BBC defence correspondent Caroline Wyatt said Mr Howells was the first senior politician to call for a withdrawal of UK troops.
Mr Ainsworth told BBC Radio 4's World at One: "If he's saying we can provide for our security at our own borders, then I disagree with him."
He added: "We cannot secure ourselves at the borders of Great Britain... if Afghanistan is not secured, then Pakistan will not be secure and Great Britain will not be secure.
"We are there because this mission is inextricably tied to our own safety in the United Kingdom."
Labour MP Eric Joyce, who resigned as a defence aide in protest at Afghan policy, said Mr Howells was "quite right" that the UK's "main effort" should be on protecting its citizens at home.
While he did not back the immediate withdrawal of UK troops, he said the government must ask itself whether the current strategy was working both in terms of the "blood and money" being spent.

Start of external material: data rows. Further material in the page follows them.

lemma words_poly_Suc_UNIV:
  "words_poly (Suc n) UNIV = (2 * X^3 + 2 * X^2 + X) * words_poly n UNIV + X * words_poly n (- {ToLeft})"
  unfolding words_poly_Suc UNIV_state by (simp add: monom_1_eq_X_power algebra_simps)

lemma words_poly_Suc_not_ToLeft:
  "words_poly (Suc n) (- {ToLeft}) = (2 * X^3 + 2 * X^2) * words_poly n UNIV + X * words_poly n (- {ToLeft})"
proof -
  have "- {ToLeft} = {Flat True True, Flat True False, Flat False True, Flat False False, ToRight}"
    using UNIV_state by auto
  then show ?thesis
    unfolding words_poly_Suc by (simp add: monom_1_eq_X_power algebra_simps)
qed

lemma words_poly_eq_lucas_U: "words_poly n UNIV = lucas_U (2 * X * (1 + X + X^2)) (X^2) n"
proof (rule lucas_U_unique)
  show "words_poly 0 UNIV = 1"
    by (rule words_poly_0)
  show "words_poly (Suc 0) UNIV = 2 * X * (1 + X + X^2)"
    unfolding words_poly_Suc_UNIV words_poly_0 by algebra
  fix n
  have "words_poly (Suc n) (- {ToLeft}) = words_poly (Suc n) UNIV - X * words_poly n UNIV"
    using words_poly_Suc_UNIV[of n] words_poly_Suc_not_ToLeft[of n] by (simp add: algebra_simps)
  then show "words_poly (Suc (Suc n)) UNIV =
      2 * X * (1 + X + X^2) * words_poly (Suc n) UNIV - X^2 * words_poly n UNIV"
    unfolding words_poly_Suc_UNIV[of "Suc n"] by algebra
qed

lemma lucas_U_pyrene:
  "lucas_U (2 * X * (1 + X + X^2)) (X^2) n =
    X^n * (\<Sum>i = (n + 1) div 2..n. of_int ((-1)^(n - i) * 2^(2*i - n) * int (i choose (2*i - n)))
      * (1 + X + X^2)^(2*i - n))"
proof -
  let ?Q = "1 + X + X^2"
  have "(-1)^(n - i) * of_nat (i choose (2*i - n)) * (2 * X * ?Q)^(2*i - n) * (X^2)^(n - i) =
      X^n * (of_int ((-1)^(n - i) * 2^(2*i - n) * int (i choose (2*i - n))) * ?Q^(2*i - n))"
    if "i \<in> {(n + 1) div 2..n}" for i
  proof -
    have "(2 * X * ?Q)^(2*i - n) * (X^2)^(n - i) = 2^(2*i - n) * ?Q^(2*i - n) * (X^(2*i - n) * (X^2)^(n - i))"
      by (simp only: power_mult_distrib mult_ac)
    also have "X^(2*i - n) * (X^2)^(n - i) = X^n"
      using that by (simp flip: power_add power_mult) (rule arg_cong[where f = "power X"], auto)
    finally have "(2 * X * ?Q)^(2*i - n) * (X^2)^(n - i) = 2^(2*i - n) * ?Q^(2*i - n) * X^n" .
    then have "(-1)^(n - i) * of_nat (i choose (2*i - n)) * (2 * X * ?Q)^(2*i - n) * (X^2)^(n - i) =
        (-1)^(n - i) * of_nat (i choose (2*i - n)) * (2^(2*i - n) * ?Q^(2*i - n) * X^n)"
      by (simp only: mult.assoc)
    then show ?thesis
      by (simp add: mult_ac)
  qed
  then show ?thesis
    unfolding lucas_U_reversed sum_distrib_left by (rule sum.cong[OF refl])
qed

lemma smult_monom_1: "smult c (monom 1 l) = of_int c * X^l"
  by (simp add: monom_1_eq_X_power of_int_poly)

lemma theorem4p2_rhs_eq:
  "monom 1 n * (\<Sum>l = 0..2*n. \<Sum>i = (l + 2*n + 3) div 4..n. \<Sum>j = (l + 1) div 2..l.
       smult ((-1) ^ (n - i) * 2 ^ (2*i - n) * int (i choose (2*i - n))
              * int ((2*i - n) choose j) * int (j choose (l - j))) (monom 1 l))
   = X^n * (\<Sum>i = (n + 1) div 2..n. of_int ((-1)^(n - i) * 2^(2*i - n) * int (i choose (2*i - n)))
      * (1 + X + X^2)^(2*i - n))"
proof -
  define c where "c i = (-1)^(n - i) * 2^(2*i - n) * int (i choose (2*i - n))" for i
  define F where "F i l j = of_int (c i) * (of_nat (((2*i - n) choose j) * (j choose (l - j))) * X^l)" for i l j
  have summand: "smult ((-1) ^ (n - i) * 2 ^ (2*i - n) * int (i choose (2*i - n))
      * int ((2*i - n) choose j) * int (j choose (l - j))) (monom 1 l) = F i l j" for i l j
    unfolding smult_monom_1 F_def c_def by simp
  have vanish: "(\<Sum>j = (l + 1) div 2..l. F i l j) = 0" if "n \<le> 2*i" "i < (l + 2*n + 3) div 4" for i l
  proof (rule sum.neutral, rule ballI)
    fix j assume "j \<in> {(l + 1) div 2..l}"
    with that have "2*i - n < j \<or> j < l - j"
      by auto
    then show "F i l j = 0"
      unfolding F_def by (auto simp: binomial_eq_0)
  qed
  have "(\<Sum>l = 0..2*n. \<Sum>i = (l + 2*n + 3) div 4..n. \<Sum>j = (l + 1) div 2..l. F i l j)
      = (\<Sum>l = 0..2*n. \<Sum>i = (n + 1) div 2..n. \<Sum>j = (l + 1) div 2..l. F i l j)"
  proof (rule sum.cong[OF refl], rule sum.mono_neutral_left)
    fix l
    show "{(l + 2*n + 3) div 4..n} \<subseteq> {(n + 1) div 2..n}"
      by auto
    show "\<forall>i\<in>{(n + 1) div 2..n} - {(l + 2*n + 3) div 4..n}. (\<Sum>j = (l + 1) div 2..l. F i l j) = 0"
      using vanish by auto
  qed simp
  also have "\<dots> = (\<Sum>i = (n + 1) div 2..n. \<Sum>l = 0..2*n. \<Sum>j = (l + 1) div 2..l. F i l j)"
    by (rule sum.swap)
  also have "\<dots> = (\<Sum>i = (n + 1) div 2..n. of_int (c i) * (1 + X + X^2)^(2*i - n))"
  proof (rule sum.cong[OF refl])
    fix i assume "i \<in> {(n + 1) div 2..n}"
    then have "2*i - n \<le> n"
      by auto
    then show "(\<Sum>l = 0..2*n. \<Sum>j = (l + 1) div 2..l. F i l j) = of_int (c i) * (1 + X + X^2)^(2*i - n)"
      unfolding F_def by (simp only: power_trinomial sum_distrib_left)
  qed
  finally show ?thesis
    unfolding summand c_def by (simp add: monom_1_eq_X_power)
qed

theorem theorem4p2:
  fixes n :: nat
  shows "anti_forcing_poly (pyrene_vertices n) (pyrene_edges n) =
    monom 1 n * (\<Sum>l = 0..2*n. \<Sum>i = (l + 2*n + 3) div 4..n. \<Sum>j = (l + 1) div 2..l.
       smult ((-1) ^ (n - i) * 2 ^ (2*i - n) * int (i choose (2*i - n))
              * int ((2*i - n) choose j) * int (j choose (l - j))) (monom 1 l))"
proof (cases "n = 0")
  case True
  then show ?thesis
    by (simp add: pyrene_vertices_def pyrene_edges_def pyrene_hexagons_def anti_forcing_poly_empty)
next
  case False
  then have "n \<ge> 1"
    by simp
  have "anti_forcing_poly (pyrene_vertices n) (pyrene_edges n) = anti_forcing_poly (chain_vertices n) (chain_edges n)"
    unfolding pyrene_vertices_eq[OF \<open>n \<ge> 1\<close>] pyrene_edges_eq[OF \<open>n \<ge> 1\<close>]
    by (rule anti_forcing_poly_image[OF inj_pos])
  also have "\<dots> = words_poly n UNIV"
    by (simp add: anti_forcing_poly_chain words_poly_def)
  also have "\<dots> = lucas_U (2 * X * (1 + X + X^2)) (X^2) n"
    by (rule words_poly_eq_lucas_U)
  finally show ?thesis
    unfolding lucas_U_pyrene theorem4p2_rhs_eq .
qed

end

"We need to reappraise exactly what we are doing in Afghanistan."
The deaths of a further five soldiers takes the number of British military personnel killed on operations in Afghanistan since 2001 to 229.
The UK currently has 9,000 troops in Afghanistan and Mr Brown has said he is prepared to send a further 500 troops to Afghanistan if certain conditions are met.
Writing in Wednesday's Guardian, Mr Howells said seven years of military involvement had subdued al-Qaeda's activities in Afghanistan but had not destroyed the organisation or its leader, Osama Bin Laden.
He said the British people were increasingly questioning whether deploying troops was the best way of preventing "Islamic terrorist murders in the UK".
"It would be better... to bring home the great majority of our fighting men and women and concentrate on using the money saved to secure our own borders, gather intelligence on terrorist activities inside Britain, expand our intelligence operations abroad."
As chairman of the Intelligence and Security Committee, Mr Howells is responsible for examining the policy and budgets of the domestic and foreign security services, MI5 and MI6.